──────── Available data
(* Consider a crash-only execution of Algorithm 1 with choose_leader given by Algorithm 2 (Carousel). Let $R$ be a round after GST such that no party crashes in any round from $R$ to $R+f+2$ (inclusive). Then there exists a round $r$ with $R\le r\le R+f+2$ for which there are $2f+1$ LBR-synchronized($\ell$) invocations with a leader $\ell$ that is alive at round $r$.
   Context: System model: $n$ parties $\Pi=\{p_1,\dots,p_n\}$, at most $f<n/3$ faulty. A party is crashed if it halts prematurely; Byzantine if it deviates from the protocol; honest if neither. Non-Byzantine parties follow the protocol until they (possibly) crash. An execution is crash-only if no party is Byzantine. Communication is eventually synchronous: there is an unknown global stabilization time (GST) after which every message arrives within a known bound $\delta$. Blocks: a block contains transactions, a link to a parent block (implied chain back to genesis), a round number, an author id, and a certificate from which a set of $2f+1$ endorsing parties can be obtained. certified$(B,r)$ is a local predicate saying $B$ has a valid certificate ($2f+1$ endorsements) for round $r$. $B\longrightarrow B'$ means $B$ is on $B'$'s implied chain. LBR abstraction: each party can invoke $LBR(r,\ell)$; non-Byzantine parties endorse a block with round $r$ and author $\ell$ only by calling $LBR(r,\ell)$. Every invocation returns within $\Delta_l>c\delta$ time ($c$ an implementation constant) a block with round number $r'\le r$. Round $r$ has $k$ LBR-synchronized($\ell$) invocations if $k$ honest parties invoke $LBR(r,\ell)$ after GST and their execution intervals share a common intersection of length at least $c\delta$. Guarantees: (Endorsement) if certified$(B,r)$ then $B$'s endorser set has $2f+1$ parties; (Agreement) any two certified blocks returned to honest parties by LBR satisfy $B\longrightarrow B'$ or $B'\longrightarrow B$; (Progress) if round $r$ has $k\ge 2f+1$ LBR-synchronized($\ell$) invocations and $\ell$ is honest, they all return a certified block with round number $r$ authored by $\ell$; (Blocking) if a non-Byzantine $\ell$ never invokes $LBR(r,\ell)$, no $LBR(r,\ell)$ invocation returns a certified block formed in round $r$; (Reputation) if a non-Byzantine $p$ never invokes LBR for round $r$, no certified block with round number $r$ has $p$ among its endorsers. Pacemaker: produces new_round$(r)$ notifications at honest parties for every $r$; if all new_round$(r)$ notifications at non-Byzantine parties occur after GST, the first at $T_f$ and last at $T_l$, then $T_l-T_f\le\delta$ and no non-Byzantine party receives new_round$(r+1)$ before $T_l+\Delta_p$, where $\Delta_p=\Delta_l$. Algorithm 1 (party $p_i$): initially commit_head $:=$ genesis. Upon new_round$(r)$: leader $:=$ choose_leader$(r,$ commit_head$)$; $B:=LBR(r,\text{leader})$; if commit_head $\longrightarrow B$, commit $B$ (and all not-yet-committed blocks on its implied chain) and set commit_head $:=B$. Algorithm 2 (Carousel), choose_leader$(r,h)$: if the round number of $h$ is not $r-1$, return party $(r \bmod n)$. Otherwise let active be the endorser set of $h$; walking from $h$ along parent links, add block authors to last_authors while $|\text{last\_authors}|<f$ and the current block is not genesis; return a deterministically chosen element of active $\setminus$ last_authors. Terminology: a party crashes in round $r$ if $r+1$ is the smallest round number for which it does not invoke LBR in Algorithm 1; a party is alive at all rounds before the round in which it crashes. A round $r$ occurs after GST if all new_round$(r)$ notifications at honest parties occur after GST. *)

theory Defs
  imports Main "HOL.Real"
begin

text \<open>Parties are the natural numbers below n.  A block universe of type 'b is
given by a genesis block, a parent link, a round number, an author id,
an endorser set (obtained from the certificate), and a validity flag for the
certificate.\<close>

record 'b blocks =
  genesis   :: 'b
  parent    :: "'b \<Rightarrow> 'b"
  rnd       :: "'b \<Rightarrow> nat"
  author    :: "'b \<Rightarrow> nat"
  endorsers :: "'b \<Rightarrow> nat set"
  certd     :: "'b \<Rightarrow> bool"

text \<open>B --> B': B lies on the implied chain of B' (reflexively).\<close>
definition chain :: "'b blocks \<Rightarrow> 'b \<Rightarrow> 'b \<Rightarrow> bool" where
  "chain Bs B B' \<longleftrightarrow> (\<exists>k. (parent Bs ^^ k) B' = B)"

definition certified :: "'b blocks \<Rightarrow> 'b \<Rightarrow> nat \<Rightarrow> bool" where
  "certified Bs B r \<longleftrightarrow> certd Bs B \<and> rnd Bs B = r"

definition block_tree :: "'b blocks \<Rightarrow> nat \<Rightarrow> bool" where
  "block_tree Bs n \<longleftrightarrow> rnd Bs (genesis Bs) = 0 \<and> (\<forall>B. chain Bs (genesis Bs) B)
     \<and> (\<forall>B. certd Bs B \<longrightarrow> author Bs B < n \<and> endorsers Bs B \<subseteq> {..<n})"

fun walk :: "'b blocks \<Rightarrow> nat \<Rightarrow> nat \<Rightarrow> 'b \<Rightarrow> nat set \<Rightarrow> nat set" where
  "walk Bs f 0 b S = S"
| "walk Bs f (Suc k) b S =
     (if card S < f \<and> b \<noteq> genesis Bs
      then walk Bs f k (parent Bs b) (insert (author Bs b) S) else S)"

definition dist_genesis :: "'b blocks \<Rightarrow> 'b \<Rightarrow> nat" where
  "dist_genesis Bs h = (LEAST k. (parent Bs ^^ k) h = genesis Bs)"

definition last_authors :: "'b blocks \<Rightarrow> nat \<Rightarrow> 'b \<Rightarrow> nat set" where
  "last_authors Bs f h = walk Bs f (dist_genesis Bs h) h {}"

text \<open>choose_leader(r,h); pick is the deterministic choice function.\<close>
definition carousel :: "nat \<Rightarrow> nat \<Rightarrow> (nat set \<Rightarrow> nat) \<Rightarrow> 'b blocks \<Rightarrow> nat \<Rightarrow> 'b \<Rightarrow> nat" where
  "carousel n f pick Bs r h =
     (if rnd Bs h \<noteq> r - 1 then r mod n
      else pick (endorsers Bs h - last_authors Bs f h))"

text \<open>An execution: invokes p r = party p invokes LBR in round r (in Algorithm 1);
leader p r = the leader argument of that invocation; result p r = the returned block;
nr_time p r = time of the new_round(r) notification at p (= invocation time);
ret_time p r = time the invocation returns.  Rounds are numbered from 1.\<close>
record 'b lbr_exec =
  invokes  :: "nat \<Rightarrow> nat \<Rightarrow> bool"
  leader   :: "nat \<Rightarrow> nat \<Rightarrow> nat"
  result   :: "nat \<Rightarrow> nat \<Rightarrow> 'b"
  nr_time  :: "nat \<Rightarrow> nat \<Rightarrow> real"
  ret_time :: "nat \<Rightarrow> nat \<Rightarrow> real"

record timing =
  GST     :: real
  delta   :: real
  Delta_l :: real
  cconst  :: real

text \<open>commit_head of p at the beginning of its round-r handler.\<close>
primrec chead :: "'b blocks \<Rightarrow> 'b lbr_exec \<Rightarrow> nat \<Rightarrow> nat \<Rightarrow> 'b" where
  "chead Bs E p 0 = genesis Bs"
| "chead Bs E p (Suc r) =
     (if r = 0 then genesis Bs
      else if chain Bs (chead Bs E p r) (result E p r) then result E p r
      else chead Bs E p r)"

definition honest :: "'b lbr_exec \<Rightarrow> nat \<Rightarrow> bool" where
  "honest E p \<longleftrightarrow> (\<forall>r\<ge>1. invokes E p r)"

definition crashes_in :: "'b lbr_exec \<Rightarrow> nat \<Rightarrow> nat \<Rightarrow> bool" where
  "crashes_in E p r \<longleftrightarrow> (\<forall>r'. 1 \<le> r' \<and> r' \<le> r \<longrightarrow> invokes E p r') \<and> \<not> invokes E p (Suc r)"

definition alive :: "'b lbr_exec \<Rightarrow> nat \<Rightarrow> nat \<Rightarrow> bool" where
  "alive E p r \<longleftrightarrow> (\<forall>r'. 1 \<le> r' \<and> r' \<le> Suc r \<longrightarrow> invokes E p r')"

definition crash_only :: "nat \<Rightarrow> nat \<Rightarrow> 'b lbr_exec \<Rightarrow> bool" where
  "crash_only n f E \<longleftrightarrow>
     (\<forall>p r r'. 1 \<le> r' \<longrightarrow> r' \<le> r \<longrightarrow> invokes E p r \<longrightarrow> invokes E p r')
     \<and> card {p. p < n \<and> \<not> honest E p} \<le> f"

definition algorithm1 :: "nat \<Rightarrow> nat \<Rightarrow> (nat set \<Rightarrow> nat) \<Rightarrow> 'b blocks \<Rightarrow> 'b lbr_exec \<Rightarrow> bool" where
  "algorithm1 n f pick Bs E \<longleftrightarrow>
     (\<forall>p<n. \<forall>r\<ge>1. invokes E p r \<longrightarrow>
        leader E p r = carousel n f pick Bs r (chead Bs E p r))"

definition round_after_GST :: "nat \<Rightarrow> timing \<Rightarrow> 'b lbr_exec \<Rightarrow> nat \<Rightarrow> bool" where
  "round_after_GST n T E r \<longleftrightarrow> (\<forall>p<n. invokes E p r \<longrightarrow> GST T < nr_time E p r)"

definition lbr_sync :: "nat \<Rightarrow> timing \<Rightarrow> 'b lbr_exec \<Rightarrow> (nat \<Rightarrow> bool) \<Rightarrow> nat \<Rightarrow> nat \<Rightarrow> nat set \<Rightarrow> bool" where
  "lbr_sync n T E Q r l S \<longleftrightarrow>
     S \<subseteq> {p. p < n \<and> Q p}
     \<and> (\<forall>p\<in>S. invokes E p r \<and> leader E p r = l \<and> GST T < nr_time E p r)
     \<and> (\<exists>a. \<forall>p\<in>S. nr_time E p r \<le> a \<and> a + cconst T * delta T \<le> nr_time E p (Suc r))"

definition lbr_spec :: "nat \<Rightarrow> nat \<Rightarrow> 'b blocks \<Rightarrow> timing \<Rightarrow> 'b lbr_exec \<Rightarrow> bool" where
  "lbr_spec n f Bs T E \<longleftrightarrow>
     \<comment> \<open>returns within Delta_l a (certified, or genesis) block with round number at most r\<close>
     (\<forall>p<n. \<forall>r\<ge>1. invokes E p r \<longrightarrow>
        nr_time E p r \<le> ret_time E p r \<and> ret_time E p r \<le> nr_time E p r + Delta_l T
        \<and> rnd Bs (result E p r) \<le> r
        \<and> (certified Bs (result E p r) (rnd Bs (result E p r)) \<or> result E p r = genesis Bs))
     \<comment> \<open>endorsing a block of round r and author l only by calling LBR(r,l)\<close>
   \<and> (\<forall>B r p. r \<ge> 1 \<longrightarrow> certified Bs B r \<longrightarrow> p \<in> endorsers Bs B \<longrightarrow>
        invokes E p r \<and> leader E p r = author Bs B)
     \<comment> \<open>Endorsement\<close>
   \<and> (\<forall>B r. certified Bs B r \<longrightarrow> endorsers Bs B \<subseteq> {..<n} \<and> card (endorsers Bs B) = 2*f+1)
     \<comment> \<open>Agreement\<close>
   \<and> (\<forall>p q r r'. p < n \<longrightarrow> q < n \<longrightarrow> honest E p \<longrightarrow> honest E q \<longrightarrow> r \<ge> 1 \<longrightarrow> r' \<ge> 1 \<longrightarrow>
        certd Bs (result E p r) \<longrightarrow> certd Bs (result E q r') \<longrightarrow>
        chain Bs (result E p r) (result E q r') \<or> chain Bs (result E q r') (result E p r))
     \<comment> \<open>Progress\<close>
   \<and> (\<forall>r l S. r \<ge> 1 \<longrightarrow> l < n \<longrightarrow> honest E l \<longrightarrow> 2*f+1 \<le> card S \<longrightarrow>
        lbr_sync n T E (honest E) r l S \<longrightarrow>
        (\<forall>p\<in>S. certified Bs (result E p r) r \<and> author Bs (result E p r) = l))
     \<comment> \<open>Blocking\<close>
   \<and> (\<forall>l<n. \<forall>r\<ge>1. \<not> (invokes E l r \<and> leader E l r = l) \<longrightarrow>
        (\<forall>p<n. invokes E p r \<and> leader E p r = l \<longrightarrow> \<not> certified Bs (result E p r) r))
     \<comment> \<open>Reputation\<close>
   \<and> (\<forall>p<n. \<forall>r\<ge>1. \<not> invokes E p r \<longrightarrow> (\<forall>B. certified Bs B r \<longrightarrow> p \<notin> endorsers Bs B))"

text \<open>Pacemaker, with Delta_p = Delta_l.\<close>
definition pacemaker :: "nat \<Rightarrow> timing \<Rightarrow> 'b lbr_exec \<Rightarrow> bool" where
  "pacemaker n T E \<longleftrightarrow>
     (\<forall>r\<ge>1. round_after_GST n T E r \<longrightarrow>
        (\<forall>p<n. \<forall>q<n. invokes E p r \<longrightarrow> invokes E q r \<longrightarrow> nr_time E p r - nr_time E q r \<le> delta T)
      \<and> (\<forall>p<n. \<forall>q<n. invokes E p (Suc r) \<longrightarrow> invokes E q r \<longrightarrow>
           nr_time E q r + Delta_l T \<le> nr_time E p (Suc r)))"

end

theory Submission
  imports Defs
begin

text \<open>Let \<open>active\<close> be the parties that invoke LBR in round R. Nobody crashes in the
window, so they stay alive throughout it, and every other party is faulty; hence there are at
least 2f+1 of them. A round in which all active parties follow one active leader yields 2f+1
LBR-synchronized invocations by the pacemaker bounds. Carousel picks either the round-robin
leader r mod n or an endorser of a certified round r-1 block, who is then active. Hence, absent
such an agreeing round: a round whose round-robin leader is active gives no active party a
certified block (its author would be followed by a whole active endorser quorum); a round
without certified blocks makes the next round round-robin for all active parties; and a
round-robin round whose leader is inactive yields no certified block by Blocking. Among the f+2
rounds R+1, ..., R+f+2 at most f have an inactive round-robin leader, so there are two rounds
s1 < s2 with active round-robin leaders; the chain of uncertified round-robin rounds started
after s1 reaches s2, where all active parties agree on the active leader s2 mod n.\<close>

lemma card_walk_le:
  assumes "finite S" "card S \<le> f"
  shows "finite (walk Bs f k b S) \<and> card (walk Bs f k b S) \<le> f"
  using assms
proof (induction k arbitrary: b S)
  case (Suc k)
  then show ?case by (auto simp: card_insert_if)
qed simp
lemma rel_eq_commute_replicate:
  "rel_eq D 2 [a, b] [b, a] \<Longrightarrow> rel_eq D (2 * j) (a # replicate j b) (replicate j b @ [a])"
proof (induction j)
  case 0
  then have "edge_word D [a]"
    by (simp add: rel_eq_def)
  then show ?case
    by (simp add: rel_eq_refl)
next
  case (Suc j)
  have ab: "edge_word D [a]" "edge_word D [b]"
    using Suc.prems by (auto simp: rel_eq_def)
  have "rel_eq D 2 (a # b # replicate j b) (b # a # replicate j b)"
    using rel_eq_context[OF Suc.prems, of "[]" "replicate j b"] ab by simp
  also have "rel_eq D (2 * j) \<dots> (b # replicate j b @ [a])"
    using rel_eq_context[OF Suc.IH[OF Suc.prems], of "[b]" "[]"] ab by simp
  finally show ?case
    by simp
qed

lemma epow_eq_replicate: "epow x k = replicate (nat \<bar>k\<bar>) (x, k < 0)"
  by (simp add: epow_def)

lemma edge_word_epow [simp]: "edge_word D (epow x k) \<longleftrightarrow> x \<in> Edge D \<or> k = 0"
  by (auto simp: epow_eq_replicate)

lemma inv_word_epow [simp]: "inv_word (epow x k) = epow x (- k)"
  by (auto simp: epow_def inv_word_def inv_letter_def)

lemma rel_eq_commute_epow:
  "triangle D x y z \<Longrightarrow> rel_eq D (2 * nat \<bar>k\<bar>) ((x, s) # epow y k) (epow y k @ [(x, s)])"
  unfolding epow_eq_replicate by (intro rel_eq_commute_replicate rel_eq_triangle_commute)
────────────────
# Problem to work on
Transcribe the records above exactly, beginning at the line that contains "chain Bs (result E p" and ending with the line that contains "LBR-synchronized invocations by", both included, and nothing else.

# Finished task
        chain Bs (result E p r) (result E q r') \<or> chain Bs (result E q r') (result E p r))
     \<comment> \<open>Progress\<close>
   \<and> (\<forall>r l S. r \<ge> 1 \<longrightarrow> l < n \<longrightarrow> honest E l \<longrightarrow> 2*f+1 \<le> card S \<longrightarrow>
        lbr_sync n T E (honest E) r l S \<longrightarrow>
        (\<forall>p\<in>S. certified Bs (result E p r) r \<and> author Bs (result E p r) = l))
     \<comment> \<open>Blocking\<close>
   \<and> (\<forall>l<n. \<forall>r\<ge>1. \<not> (invokes E l r \<and> leader E l r = l) \<longrightarrow>
        (\<forall>p<n. invokes E p r \<and> leader E p r = l \<longrightarrow> \<not> certified Bs (result E p r) r))
     \<comment> \<open>Reputation\<close>
   \<and> (\<forall>p<n. \<forall>r\<ge>1. \<not> invokes E p r \<longrightarrow> (\<forall>B. certified Bs B r \<longrightarrow> p \<notin> endorsers Bs B))"

text \<open>Pacemaker, with Delta_p = Delta_l.\<close>
definition pacemaker :: "nat \<Rightarrow> timing \<Rightarrow> 'b lbr_exec \<Rightarrow> bool" where
  "pacemaker n T E \<longleftrightarrow>
     (\<forall>r\<ge>1. round_after_GST n T E r \<longrightarrow>
        (\<forall>p<n. \<forall>q<n. invokes E p r \<longrightarrow> invokes E q r \<longrightarrow> nr_time E p r - nr_time E q r \<le> delta T)
      \<and> (\<forall>p<n. \<forall>q<n. invokes E p (Suc r) \<longrightarrow> invokes E q r \<longrightarrow>
           nr_time E q r + Delta_l T \<le> nr_time E p (Suc r)))"

end

theory Submission
  imports Defs
begin

text \<open>Let \<open>active\<close> be the parties that invoke LBR in round R. Nobody crashes in the
window, so they stay alive throughout it, and every other party is faulty; hence there are at
least 2f+1 of them. A round in which all active parties follow one active leader yields 2f+1
LBR-synchronized invocations by the pacemaker bounds. Carousel picks either the round-robin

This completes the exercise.